Seventeen years ago, when I was pregnant with my daughter, I was diagnosed with gestational diabetes. I assumed it would go away after delivery, as it does for many people. But it didn’t. Today, like about 1 in 3 American adults, I live with prediabetes, marked by elevated HbA1c—a quiet signal that my blood sugar regulation is off. What’s more troubling is that most people with prediabetes don’t know they have it. And the consequences aren’t trivial: about 70% of people with prediabetes eventually develop type 2 diabetes, and even before that, the spikes and swings in blood sugar can fuel inflammation, high blood pressure, cardiovascular disease, kidney damage, and more. Here’s how a recent Nature Medicine paper frames one of the challenges in its opening sentences:
Elevated postprandial glycemic responses (PPGRs) are associated with type 2 diabetes and cardiovascular disease. PPGRs to the same foods have been shown to vary between individuals, but systematic characterization of the underlying physiologic and molecular basis is lacking.
That is: we’ve known for a while that some foods spike blood sugar more than others, but we haven’t fully understood why the same food can spike one person’s glucose dramatically, while barely nudging another’s. This study took a rigorous look at that mystery. The researchers gave 55 people seven different carbohydrate-rich meals—rice, bread, potatoes, pasta, beans, grapes, and berries—and then tracked their glucose levels. They also performed an in-depth analysis of their metabolic health.

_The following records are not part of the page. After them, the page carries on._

(* Let $n\ge 5$ and let $x,y$ be adjacent vertices of $Q_n$ with $f_n(x)+f_n(y)=\operatorname{str}_{f_n}(Q_n)$. If $x$ and $y$ both begin with the bit $0$, then $$\operatorname{str}_{f_n}(Q_n)\le \operatorname{str}_{f_{n-2}}(Q_{n-2})+3\cdot 2^{n-2}+\binom{n-3}{\lceil (n-3)/2\rceil}+\binom{n-2}{\lceil (n-2)/2\rceil}.$$
   Context: $Q_n$ is the $n$-dimensional hypercube: vertices are the $n$-bit strings, adjacent iff they differ in exactly one position. For a bijection $f:V(G)\to\{1,\dots,|V(G)|\}$, $\operatorname{str}_f(G)=\max\{f(u)+f(v):uv\in E(G)\}$. An $n$-bit string is $x_1\cdots x_n$, $x_i\in\{0,1\}$; its weight is its number of $1$s. Lexicographic order: $x<y$ if for some $k$, $x_j=y_j$ for $j<k$ and $x_k<y_k$. $S_n^i$ is the sequence of $n$-bit strings of weight $i$ in increasing lexicographic order; $R_n^i$ is the same set in decreasing lexicographic order. $S_n$ is the concatenation $(R_n^1,R_n^3,\dots,R_n^{n-1},S_n^n,S_n^{n-2},\dots,S_n^2,S_n^0)$ for even $n$ and $(R_n^1,R_n^3,\dots,R_n^{n-2},R_n^n,S_n^{n-1},\dots,S_n^2,S_n^0)$ for odd $n$; $f_n$ maps the string in position $j$ of $S_n$ to $j$. *)

theory Defs
  imports Complex_Main
begin

text \<open>n-bit strings are bool lists of length n (False = bit 0, True = bit 1).\<close>

definition bitstrings :: "nat \<Rightarrow> bool list set" where
  "bitstrings n = {xs. length xs = n}"

definition weight :: "bool list \<Rightarrow> nat" where
  "weight xs = length (filter id xs)"

definition cube_adj :: "bool list \<Rightarrow> bool list \<Rightarrow> bool" where
  "cube_adj x y \<longleftrightarrow> length x = length y \<and>
     card {i. i < length x \<and> x ! i \<noteq> y ! i} = 1"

As expected, blood sugar responses to the same foods varied hugely between individuals. For example, rice produced the biggest spike in most people, but others spiked more with potatoes, bread, or even grapes. But these response patterns weren’t random—they reflected underlying physiology. People who spiked most after potatoes were often insulin resistant and had weaker beta cell function, whereas “grape-spikers” were generally more metabolically healthy. Another key insight: “mitigators” like fiber, protein, or fat—when consumed just 10 minutes before a meal—could blunt glucose spikes, but only in people with good metabolic health. For insulin-resistant individuals like me, these strategies were less effective.

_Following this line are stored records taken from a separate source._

(* indep_var only relates random variables of a common type, so \<Theta> is padded with a dummy 0. *)
lemma distr_\<Theta>_Z_rest:
  assumes "i \<in> {1..n}"
  shows "distr M ((borel \<Otimes>\<^sub>M borel) \<Otimes>\<^sub>M (borel \<Otimes>\<^sub>M borel))
      (\<lambda>\<omega>. ((\<Theta> \<omega>, 0), (Z i \<omega>, \<Sum>j\<in>{1..n}-{i}. Z j \<omega>)))
    = distr M (borel \<Otimes>\<^sub>M borel) (\<lambda>\<omega>. (\<Theta> \<omega>, 0 :: real)) \<Otimes>\<^sub>M
      (density lborel (exponential_density 1) \<Otimes>\<^sub>M density lborel (erlang_density (n - 2) 1))"
proof -
  define Y where "Y j = (if j = 0 then \<Theta> else Z j)" for j
  have "indep_var (PiM {0} (\<lambda>_. borel)) (\<lambda>\<omega>. restrict (\<lambda>j. Y j \<omega>) {0})
      (PiM {1..n} (\<lambda>_. borel)) (\<lambda>\<omega>. restrict (\<lambda>j. Y j \<omega>) {1..n})"
    using indep unfolding Y_def[abs_def] by (intro indep_var_restrict) auto
  then have "indep_var (borel \<Otimes>\<^sub>M borel) ((\<lambda>f. (f 0, 0 :: real)) \<circ> (\<lambda>\<omega>. restrict (\<lambda>j. Y j \<omega>) {0}))
      (borel \<Otimes>\<^sub>M borel) ((\<lambda>f. (f i, \<Sum>j\<in>{1..n}-{i}. f j)) \<circ> (\<lambda>\<omega>. restrict (\<lambda>j. Y j \<omega>) {1..n}))"
    by (rule indep_var_compose) (use assms in measurable)
  moreover have "(\<lambda>f. (f 0, 0 :: real)) \<circ> (\<lambda>\<omega>. restrict (\<lambda>j. Y j \<omega>) {0}) = (\<lambda>\<omega>. (\<Theta> \<omega>, 0))"
    by (auto simp: Y_def)
  moreover have "(\<lambda>f. (f i, \<Sum>j\<in>{1..n}-{i}. f j)) \<circ> (\<lambda>\<omega>. restrict (\<lambda>j. Y j \<omega>) {1..n})
      = (\<lambda>\<omega>. (Z i \<omega>, \<Sum>j\<in>{1..n}-{i}. Z j \<omega>))"
    using assms by (auto simp: Y_def fun_eq_iff intro!: sum.cong)
  ultimately have indep_\<Theta>: "indep_var (borel \<Otimes>\<^sub>M borel) (\<lambda>\<omega>. (\<Theta> \<omega>, 0 :: real))
      (borel \<Otimes>\<^sub>M borel) (\<lambda>\<omega>. (Z i \<omega>, \<Sum>j\<in>{1..n}-{i}. Z j \<omega>))"
    by simp
  have indep_Z_rest: "indep_var borel (Z i) borel (\<lambda>\<omega>. \<Sum>j\<in>{1..n}-{i}. Z j \<omega>)"
    using assms indep_Z by (intro indep_vars_sum) (auto simp: insert_absorb)
  have "(if i = 1 then 2 else 1) \<in> {1..n} - {i}"
    using assms two_le_n by auto
  then have "{1..n} - {i} \<noteq> {}"
    by blast
  moreover have "card ({1..n} - {i}) - 1 = n - 2"
    using assms by auto
  ultimately have "distributed M lborel (\<lambda>\<omega>. \<Sum>j\<in>{1..n}-{i}. Z j \<omega>) (erlang_density (n - 2) 1)"
    using exponential_distributed_sum[of "{1..n} - {i}" 1 Z] Z_exponential
      indep_vars_subset[OF indep_Z, of "{1..n} - {i}"]
    by auto
  moreover have "distr M borel (Z i) = density lborel (exponential_density 1)"
    using Z_exponential assms by (simp add: distr_borel_eq_density)
  ultimately have "distr M (borel \<Otimes>\<^sub>M borel) (\<lambda>\<omega>. (Z i \<omega>, \<Sum>j\<in>{1..n}-{i}. Z j \<omega>))
      = density lborel (exponential_density 1) \<Otimes>\<^sub>M density lborel (erlang_density (n - 2) 1)"
    using indep_Z_rest by (simp add: indep_var_distribution_eq distr_borel_eq_density)
  then show ?thesis
    using indep_\<Theta> by (simp add: indep_var_distribution_eq)
qed

lemma nn_integral_share_eq:
  assumes "i \<in> {1..n}" "j \<in> {1..n}"
  shows "(\<integral>\<^sup>+\<omega>. ennreal (Z i \<omega> / \<Theta> \<omega> * indicator {\<omega> \<in> space M. v < S \<omega>} \<omega>) \<partial>M)
    = (\<integral>\<^sup>+\<omega>. ennreal (Z j \<omega> / \<Theta> \<omega> * indicator {\<omega> \<in> space M. v < S \<omega>} \<omega>) \<partial>M)"
proof -
  define Q where "Q = distr M (borel \<Otimes>\<^sub>M borel) (\<lambda>\<omega>. (\<Theta> \<omega>, 0 :: real)) \<Otimes>\<^sub>M
      (density lborel (exponential_density 1) \<Otimes>\<^sub>M density lborel (erlang_density (n - 2) 1))"
  define g :: "(real \<times> real) \<times> (real \<times> real) \<Rightarrow> ennreal" where
    "g p = (let \<theta> = fst (fst p); z = fst (snd p); w = snd (snd p)
      in ennreal (z / \<theta> * indicator {v<..} ((z + w) / \<theta>)))" for p
  have g_measurable[measurable]: "g \<in> borel_measurable ((borel \<Otimes>\<^sub>M borel) \<Otimes>\<^sub>M (borel \<Otimes>\<^sub>M borel))"
    unfolding g_def[abs_def] Let_def by measurable
  have share_eq_Q: "(\<integral>\<^sup>+\<omega>. ennreal (Z k \<omega> / \<Theta> \<omega> * indicator {\<omega> \<in> space M. v < S \<omega>} \<omega>) \<partial>M)
      = integral\<^sup>N Q g" if k: "k \<in> {1..n}" for k
  proof -
    have [measurable]: "Z l \<in> borel_measurable M" if "l \<in> {1..n}" for l
      using Z_measurable that .
    have "S \<omega> = (Z k \<omega> + (\<Sum>l\<in>{1..n}-{k}. Z l \<omega>)) / \<Theta> \<omega>" for \<omega>
      using k by (simp add: sum_divide_distrib[symmetric] sum.remove)
    then have "(\<integral>\<^sup>+\<omega>. ennreal (Z k \<omega> / \<Theta> \<omega> * indicator {\<omega> \<in> space M. v < S \<omega>} \<omega>) \<partial>M)
        = (\<integral>\<^sup>+\<omega>. g ((\<Theta> \<omega>, 0), (Z k \<omega>, \<Sum>l\<in>{1..n}-{k}. Z l \<omega>)) \<partial>M)"
      by (intro nn_integral_cong) (simp add: g_def Let_def split: split_indicator)
    also have "\<dots> = integral\<^sup>N (distr M ((borel \<Otimes>\<^sub>M borel) \<Otimes>\<^sub>M (borel \<Otimes>\<^sub>M borel))
        (\<lambda>\<omega>. ((\<Theta> \<omega>, 0), (Z k \<omega>, \<Sum>l\<in>{1..n}-{k}. Z l \<omega>)))) g"
      using k by (subst nn_integral_distr) measurable
    also have "\<dots> = integral\<^sup>N Q g"
      unfolding distr_\<Theta>_Z_rest[OF k] Q_def ..
    finally show ?thesis .
  qed
  show ?thesis
    using share_eq_Q[OF assms(1)] share_eq_Q[OF assms(2)] by simp
qed

lemma nn_integral_share_tail:
  assumes "i \<in> {1..n}"
  shows "of_nat n * (\<integral>\<^sup>+\<omega>. ennreal (Z i \<omega> / \<Theta> \<omega> * indicator {\<omega> \<in> space M. v < S \<omega>} \<omega>) \<partial>M)
    = (\<integral>\<^sup>+\<omega>. ennreal (S \<omega> * indicator {\<omega> \<in> space M. v < S \<omega>} \<omega>) \<partial>M)"
proof -
  have "(\<Sum>j\<in>{1..n}. \<integral>\<^sup>+\<omega>. ennreal (Z j \<omega> / \<Theta> \<omega> * indicator {\<omega> \<in> space M. v < S \<omega>} \<omega>) \<partial>M)
      = (\<Sum>j\<in>{1..n}. \<integral>\<^sup>+\<omega>. ennreal (Z i \<omega> / \<Theta> \<omega> * indicator {\<omega> \<in> space M. v < S \<omega>} \<omega>) \<partial>M)"
    by (intro sum.cong refl nn_integral_share_eq assms)
  then have "of_nat n * (\<integral>\<^sup>+\<omega>. ennreal (Z i \<omega> / \<Theta> \<omega> * indicator {\<omega> \<in> space M. v < S \<omega>} \<omega>) \<partial>M)
      = (\<Sum>j\<in>{1..n}. \<integral>\<^sup>+\<omega>. ennreal (Z j \<omega> / \<Theta> \<omega> * indicator {\<omega> \<in> space M. v < S \<omega>} \<omega>) \<partial>M)"
    by simp
  also have "\<dots> = (\<integral>\<^sup>+\<omega>. (\<Sum>j\<in>{1..n}. ennreal (Z j \<omega> / \<Theta> \<omega> * indicator {\<omega> \<in> space M. v < S \<omega>} \<omega>)) \<partial>M)"
  proof (intro nn_integral_sum[symmetric])
    fix j assume "j \<in> {1..n}"
    then have [measurable]: "Z j \<in> borel_measurable M" by (rule Z_measurable)
    show "(\<lambda>\<omega>. ennreal (Z j \<omega> / \<Theta> \<omega> * indicator {\<omega> \<in> space M. v < S \<omega>} \<omega>)) \<in> borel_measurable M"
      by measurable
  qed
  also have "\<dots> = (\<integral>\<^sup>+\<omega>. ennreal (S \<omega> * indicator {\<omega> \<in> space M. v < S \<omega>} \<omega>) \<partial>M)"
  proof (intro nn_integral_cong_AE)
    have "AE \<omega> in M. \<forall>j\<in>{1..n}. 0 \<le> Z j \<omega>"
      using Z_nonneg by (intro AE_finite_allI) auto
    then show "AE \<omega> in M. (\<Sum>j\<in>{1..n}. ennreal (Z j \<omega> / \<Theta> \<omega> * indicator {\<omega> \<in> space M. v < S \<omega>} \<omega>))
        = ennreal (S \<omega> * indicator {\<omega> \<in> space M. v < S \<omega>} \<omega>)"
      using AE_space
    proof eventually_elim
      case (elim \<omega>)
      then have "0 < \<Theta> \<omega>" using \<Theta>_pos by auto
      with elim have "(\<Sum>j\<in>{1..n}. ennreal (Z j \<omega> / \<Theta> \<omega> * indicator {\<omega> \<in> space M. v < S \<omega>} \<omega>))
          = ennreal (\<Sum>j\<in>{1..n}. Z j \<omega> / \<Theta> \<omega> * indicator {\<omega> \<in> space M. v < S \<omega>} \<omega>)"
        by (intro sum_ennreal) auto
      then show ?case
        by (simp only: sum_distrib_right)
    qed
  qed
  finally show ?thesis .
qed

The takeaway is both sobering and empowering: glycemic responses are personal, shaped by your unique metabolic profile. Blood sugar is easy to monitor, and can expose dysfunction that traditional labs might miss. Many of us are trying to be pro-active about health – and this kind of personalized insight could be a key to staying on the right side of the tipping point.
Individual variations in glycemic responses to carbohydrates and underlying metabolic physiology
In Nature Medicine, 4 June 2025
From the groups of Tracey McLaughlin at Michael P. Snyder at the Stanford Diabetes Research Center of Stanford University.